Activity: Filter the entries for the word "define". Copy each line that has it.

Study material:
lemma prefix_prod_le_imp_prod_one_plus_le:
  fixes a b :: "nat \<Rightarrow> real"
  assumes a_antimono: "\<And>i j. i \<le> j \<Longrightarrow> j < n \<Longrightarrow> a j \<le> a i"
    and a_nonneg: "\<And>i. i < n \<Longrightarrow> 0 \<le> a i"
    and b_nonneg: "\<And>i. i < n \<Longrightarrow> 0 \<le> b i"
    and prefix: "\<And>k. k \<le> n \<Longrightarrow> (\<Prod>i<k. a i) \<le> (\<Prod>i<k. b i)"
  shows "(\<Prod>i<n. 1 + a i) \<le> (\<Prod>i<n. 1 + b i)"
    and "j < n \<Longrightarrow> a j \<noteq> b j \<Longrightarrow> (\<Prod>i<n. 1 + a i) < (\<Prod>i<n. 1 + b i)"
proof -
  define w where "w i = a i / (1 + a i)" for i
  define s where "s i = ln (b i) - ln (a i)" for i
  define d where "d i = ln (1 + b i) - ln (1 + a i)" for i
  have pos: "0 < a i" "0 < b i" if "k < n" "0 < a k" "i \<le> k" for i k
    using prefix_prod_le_imp_pos[OF a_antimono b_nonneg prefix that] by simp_all
  have partial: "0 \<le> (\<Sum>i\<le>k. s i)" if "k < n" "0 < w k" for k
  proof -
    have "0 < a k"
      using that a_nonneg[of k] by (auto simp: w_def zero_less_divide_iff)
    then have "ln (\<Prod>i\<le>k. a i) = (\<Sum>i\<le>k. ln (a i))"
      and "ln (\<Prod>i\<le>k. b i) = (\<Sum>i\<le>k. ln (b i))"
      using pos[OF \<open>k < n\<close>] by (intro ln_prod; force)+
    then have "(\<Sum>i\<le>k. s i) = ln (\<Prod>i\<le>k. b i) - ln (\<Prod>i\<le>k. a i)"
      by (simp add: s_def sum_subtractf)
    moreover have "(\<Prod>i\<le>k. a i) \<le> (\<Prod>i\<le>k. b i)"
      using prefix[of "Suc k"] \<open>k < n\<close> by (simp add: lessThan_Suc_atMost)
    moreover have "0 < (\<Prod>i\<le>k. a i)"
      using pos(1)[OF \<open>k < n\<close> \<open>0 < a k\<close>] by (intro prod_pos) auto
    ultimately show ?thesis
      by simp
  qed
  have abel: "0 \<le> (\<Sum>i<n. w i * s i)"
  proof (rule sum_mult_nonneg_if_partial_sums_nonneg)
    show "0 \<le> w i" if "i < n" for i
      using a_nonneg[OF that] by (simp add: w_def)
    show "w (Suc i) \<le> w i" if "Suc i < n" for i
      using a_antimono[of i "Suc i"] a_nonneg[of "Suc i"] that by (simp add: w_def field_simps)
  qed (fact partial)
  have term_le: "w i * s i \<le> d i" and term_less: "a i \<noteq> b i \<Longrightarrow> w i * s i < d i"
    if "i < n" for i
  proof -
    have "0 < a i \<Longrightarrow> 0 < b i"
      using pos[OF that _ order_refl] by simp
    then show "w i * s i \<le> d i" and "a i \<noteq> b i \<Longrightarrow> w i * s i < d i"
      unfolding w_def s_def d_def
      using weighted_ln_diff_le_ln_one_plus_diff a_nonneg[OF that] b_nonneg[OF that] by simp_all
  qed
  have pos_a: "0 < (\<Prod>i<n. 1 + a i)" and pos_b: "0 < (\<Prod>i<n. 1 + b i)"
    using a_nonneg b_nonneg by (auto intro!: prod_pos simp: add_pos_nonneg)
  have sum_d: "(\<Sum>i<n. d i) = ln (\<Prod>i<n. 1 + b i) - ln (\<Prod>i<n. 1 + a i)"
  proof -
    have "ln (\<Prod>i<n. 1 + a i) = (\<Sum>i<n. ln (1 + a i))"
      and "ln (\<Prod>i<n. 1 + b i) = (\<Sum>i<n. ln (1 + b i))"
      using a_nonneg b_nonneg by (intro ln_prod; force)+
    then show ?thesis
      by (simp add: d_def sum_subtractf)
  qed
  have "(\<Sum>i<n. w i * s i) \<le> (\<Sum>i<n. d i)"
    using term_le by (intro sum_mono) simp
  then have "ln (\<Prod>i<n. 1 + a i) \<le> ln (\<Prod>i<n. 1 + b i)"
    using abel sum_d by linarith
  then show "(\<Prod>i<n. 1 + a i) \<le> (\<Prod>i<n. 1 + b i)"
    using pos_a pos_b by simp
  assume "j < n" "a j \<noteq> b j"
  then have "(\<Sum>i<n. w i * s i) < (\<Sum>i<n. d i)"
    using term_le term_less by (intro sum_strict_mono_ex1) auto
  then have "ln (\<Prod>i<n. 1 + a i) < ln (\<Prod>i<n. 1 + b i)"
    using abel sum_d by linarith
  then show "(\<Prod>i<n. 1 + a i) < (\<Prod>i<n. 1 + b i)"
    using pos_a pos_b by simp
qed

Output below:
  define w where "w i = a i / (1 + a i)" for i
  define s where "s i = ln (b i) - ln (a i)" for i
  define d where "d i = ln (1 + b i) - ln (1 + a i)" for i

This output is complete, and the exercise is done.